Oct 20, 2010 16:39
I am wearing purple today in honor of *all* bullying victims. I feel that by singling out only the gay ones we do them a disservice by pointing out a large part what made them insecure in the first place. I don't think that sexual orientation should matter except to the one(s) a person is sexually involved with.
As a survivor of some really horrendous bullying that didn't stop until I *made* it stop some time in my early twenties (yes, it can extend further than childhood), I want to tell kids that yes, it does get better, but you have to find it within yourself to make it better too.
We as a society have to grab the bullies by the collar and make them stop. We have to find out what's making the bullies want to harm others to make themselves feel better. If treatment doesn't work, prosecution needs to happen for repeat offenders -- assault is assault, no matter what the age of the offender. It's not something to ignore as "kid stuff" because those kids grow up to be abusers and keep going with being abusers unless they're made to STOP.
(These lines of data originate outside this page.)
(* Let $f:(0,1]\to(0,\infty)$ be the compliance--volume fraction Pareto front (as described in the context) and let $f^{-1}:[f(1),+\infty[\,\to(0,1]$ be its reciprocal (inverse) function, so that $f^{-1}(f(1))=1$. Then for every real $a>1$ and every $x\in[f(1),+\infty[$, $$a\,f^{-1}(a x)\le f^{-1}(x).$$
   Context: Setting: a 2D structural topology optimization problem (compliance minimization under a volume fraction constraint) on a fixed design domain. For a volume fraction $V_f\in(0,1]$ (the ratio of the volume of the design to the volume of the design domain), $f(V_f)$ denotes the globally optimal compliance attainable by a design of volume fraction $V_f$, computed for a unit load, unit out-of-plane thickness and unit Young's modulus; the graph of $f$ is the compliance--volume fraction Pareto front. Standing assumptions used for $f$: $f$ is differentiable on $(0,1]$ with $f'(V_f)<0$ (so $f$ is strictly decreasing), and $f(V_f)\to+\infty$ as $V_f\searrow 0$, so that $f$ is a bijection from $(0,1]$ onto $[f(1),+\infty[$ with inverse $f^{-1}$. The efficiency ratio (ER) is $n(V_f)=-V_f\,f'(V_f)/f(V_f)$, and it is assumed that $n(V_f)\le 1$ for all $V_f\in(0,1]$. *)

theory Defs
  imports "HOL-Analysis.Analysis"
begin

definition efficiency_ratio :: "(real \<Rightarrow> real) \<Rightarrow> (real \<Rightarrow> real) \<Rightarrow> real \<Rightarrow> real" where
  "efficiency_ratio f Df V = - V * Df V / f V"

end

theory Submission
  imports Defs
begin

(* The efficiency ratio bound n <= 1 says exactly that the derivative f + V f' of the product
   V f(V) is nonnegative, so V f(V) is nondecreasing.  Since f is decreasing,
   u = f^-1(a x) <= v = f^-1(x), hence a x u = u f(u) <= v f(v) = x v, i.e. a u <= v. *)

lemma has_real_derivative_at_if_within_interval:
  fixes f :: "real \<Rightarrow> real"
  assumes "is_interval S" "s \<in> S" "t \<in> S" "s < z" "z < t"
    and "(f has_real_derivative D) (at z within S)"
  shows "(f has_real_derivative D) (at z)"
proof -
  have "{s..t} \<subseteq> S"
    using assms(1-3) unfolding is_interval_1 by (meson atLeastAtMost_iff subsetI)
  moreover have "{s<..<t} \<subseteq> {s..t}"
    by auto
  ultimately have "{s<..<t} \<subseteq> interior S"
    by (meson interior_maximal open_greaterThanLessThan order_trans)
  then have "z \<in> interior S"
    using assms(4,5) by (meson greaterThanLessThan_iff subsetD)
  then have "at z within S = at z"
    by (rule at_within_interior)
  with assms(6) show ?thesis
    by simp
qed

lemma mono_on_if_has_real_derivative_nonneg:
  fixes f :: "real \<Rightarrow> real"
  assumes S: "is_interval S"
    and deriv: "\<And>x. x \<in> S \<Longrightarrow> (f has_real_derivative f' x) (at x within S)"
    and nonneg: "\<And>x. x \<in> S \<Longrightarrow> f' x \<ge> 0"
  shows "mono_on S f"
proof (rule mono_onI)
  fix s t assume st: "s \<in> S" "t \<in> S" "s \<le> t"
  then have sub: "{s..t} \<subseteq> S"
    using S unfolding is_interval_1 by (meson atLeastAtMost_iff subsetI)
  show "f s \<le> f t"
  proof (rule DERIV_nonneg_imp_increasing_open[OF \<open>s \<le> t\<close>])
    fix z assume z: "s < z" "z < t"
    then have "z \<in> S"
      using sub by (meson atLeastAtMost_iff less_imp_le subsetD)
    then have "(f has_real_derivative f' z) (at z)" "f' z \<ge> 0"
      using has_real_derivative_at_if_within_interval[OF S st(1,2) z deriv] nonneg by auto
    then show "\<exists>y. (f has_real_derivative y) (at z) \<and> y \<ge> 0" by blast
  next
    have "continuous_on S f"
      using deriv DERIV_continuous continuous_on_eq_continuous_within by blast
    then show "continuous_on {s..t} f"
      using sub continuous_on_subset by blast
  qed
qed

lemma antimono_on_if_has_real_derivative_nonpos:
  fixes f :: "real \<Rightarrow> real"
  assumes "is_interval S"
    and "\<And>x. x \<in> S \<Longrightarrow> (f has_real_derivative f' x) (at x within S)"
    and "\<And>x. x \<in> S \<Longrightarrow> f' x \<le> 0"
  shows "antimono_on S f"
proof -
  have "mono_on S (\<lambda>x. - f x)"
    using assms by (intro mono_on_if_has_real_derivative_nonneg[where f' = "\<lambda>x. - f' x"])
      (auto intro: derivative_intros)
  then show ?thesis
    unfolding monotone_on_def by auto
qed

lemma mono_on_times_self_if_efficiency_ratio_le_1:
  fixes f Df :: "real \<Rightarrow> real"
  assumes S: "is_interval S"
    and pos: "\<And>V. V \<in> S \<Longrightarrow> f V > 0"
    and deriv: "\<And>V. V \<in> S \<Longrightarrow> (f has_real_derivative Df V) (at V within S)"
    and ER: "\<And>V. V \<in> S \<Longrightarrow> efficiency_ratio f Df V \<le> 1"
  shows "mono_on S (\<lambda>V. V * f V)"
proof (rule mono_on_if_has_real_derivative_nonneg[OF S])
  fix V assume V: "V \<in> S"
  show "((\<lambda>V. V * f V) has_real_derivative f V + V * Df V) (at V within S)"
    using deriv[OF V] by (auto intro!: derivative_eq_intros)
  have "- V * Df V / f V \<le> 1"
    using ER[OF V] unfolding efficiency_ratio_def .
  then show "f V + V * Df V \<ge> 0"
    using pos[OF V] by (simp add: field_simps)
qed

lemma in_image_if_filterlim_at_top_at_right:
  fixes f :: "real \<Rightarrow> real"
  assumes "l < r" "continuous_on {l<..r} f"
    and lim: "filterlim f at_top (at_right l)"
    and y: "f r \<le> y"
  shows "y \<in> f ` {l<..r}"
proof -
  have "eventually (\<lambda>t. l < t \<and> t < r \<and> f t > y) (at_right l)"
  proof (intro eventually_conj)
    show "eventually (\<lambda>t. f t > y) (at_right l)"
      using lim by (simp add: filterlim_at_top_dense)
    show "eventually (\<lambda>t. t < r) (at_right l)"
      using \<open>l < r\<close> by (auto simp: eventually_at_right_field)
  qed (rule eventually_at_right_less)
  then obtain t where t: "l < t" "t < r" "f t > y"
    using eventually_happens'[OF trivial_limit_at_right_real] by blast
  moreover have "continuous_on {t..r} f"
    using assms(2) by (rule continuous_on_subset) (use t in auto)
  ultimately obtain z where "t \<le> z" "z \<le> r" "f z = y"
    using IVT2'[of f r y t] y by auto
  then show ?thesis
    using t by auto
qed

lemma mult_le_if_antimono_on_and_mono_on_times_self:
  fixes f :: "real \<Rightarrow> real"
  assumes anti: "antimono_on S f" and mono: "mono_on S (\<lambda>V. V * f V)"
    and uv: "u \<in> S" "v \<in> S" and fu: "f u = a * f v"
    and "f v > 0" "a > 1"
  shows "a * u \<le> v"
proof -
  have "u \<le> v"
  proof (rule ccontr)
    assume "\<not> u \<le> v"
    then have "f u \<le> f v"
      using monotone_onD[OF anti uv(2,1)] by simp
    then show False
      using fu \<open>f v > 0\<close> \<open>a > 1\<close> by simp
  qed
  then have "u * (a * f v) \<le> v * f v"
    using monotone_onD[OF mono uv] fu by simp
  then show ?thesis
    using \<open>f v > 0\<close> by (simp add: algebra_simps)
qed

theorem lemma2:
  fixes f Df :: "real \<Rightarrow> real"
  assumes pos: "\<And>V. V \<in> {0<..1} \<Longrightarrow> f V > 0"
    and deriv: "\<And>V. V \<in> {0<..1} \<Longrightarrow> (f has_real_derivative Df V) (at V within {0<..1})"
    and neg: "\<And>V. V \<in> {0<..1} \<Longrightarrow> Df V < 0"
    and lim0: "filterlim f at_top (at_right 0)"
    and ER: "\<And>V. V \<in> {0<..1} \<Longrightarrow> efficiency_ratio f Df V \<le> 1"
    and a: "a > 1"
    and x: "x \<ge> f 1"
  shows "a * inv_into {0<..1} f (a * x) \<le> inv_into {0<..1} f x"
proof -
  let ?S = "{0<..1::real}"
  have S: "is_interval ?S"
    by (simp add: is_interval_1)
  have cont: "continuous_on ?S f"
    using deriv DERIV_continuous continuous_on_eq_continuous_within by blast
  have "x > 0"
    using pos[of 1] x by auto
  then have "f 1 \<le> a * x"
    using x a by (simp add: order_trans[OF x])
  then have "a * x \<in> f ` ?S" "x \<in> f ` ?S"
    using in_image_if_filterlim_at_top_at_right[OF _ cont lim0] x by auto
  then have "inv_into ?S f (a * x) \<in> ?S" "inv_into ?S f x \<in> ?S"
    and "f (inv_into ?S f (a * x)) = a * f (inv_into ?S f x)" "f (inv_into ?S f x) > 0"
    using \<open>x > 0\<close> by (simp_all only: inv_into_into f_inv_into_f)
  moreover have "antimono_on ?S f"
    using antimono_on_if_has_real_derivative_nonpos[OF S deriv less_imp_le[OF neg]] .
  moreover have "mono_on ?S (\<lambda>V. V * f V)"
    by (intro mono_on_times_self_if_efficiency_ratio_le_1[where Df = Df] S pos deriv ER)
  ultimately show ?thesis
    using mult_le_if_antimono_on_and_mono_on_times_self a by blast
qed

end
It hasn't necessarily gotten worse in recent years; it's just gotten more media attention. Older schoolmates had me beaten into a fetal position while my grandmother helplessly tried to make them stop. She was walking me home to try to protect me from bullies; they didn't care and beat me up in front of her anyway. This was more than thirty years ago. There were no headlines for me, no vigils to keep people from hurting me, no arrests of my long-term bullies. Some of them kept going for an effing *decade* -- I saw some of the same people in high school, and they kept going with it. What happened? I got suspended for fighting back. Great message to send a smart kid -- no wonder I cut out of school in favor of self-motivated study and life experience instead. No wonder I turned to books in libraries to fuel my ravenous need for knowledge -- I was getting next to nothing out of a public school education other than the message that I didn't really matter and that the bullies were protected while I wasn't. I know I was far from the only one -- some of you are here on my f'list, and know who you are.
But I survived. I moved on to a great career in publishing and learned a ton there; I've changed careers and am looking for my next move there. I've met thousands of fascinating people, and most of them are not bullies. My first husband (married at age 20; separated from at 21) turned out to be a bully, and I walked away. I'd thought he learned, but a recent email exchange via FB proved otherwise. No one bullies me anymore -- hello, welcome to my blocklist. He's the one and only member. I still encounter would-be bullies (mostly out to make me feel bad for my physical appearance, like they have the right to comment), but have a thicker skin and ability to slough off the abuse. I guess that came with age and experience.
So how do we teach the kids that you *don't* have to take it? We have such mixed messages about reporting such things to authorities -- horrible words like "tattling" and "snitching" and the associated shunning of those who speak up do nothing to help encourage victims to stand up and report their bullies. What the hell is a victim supposed to do?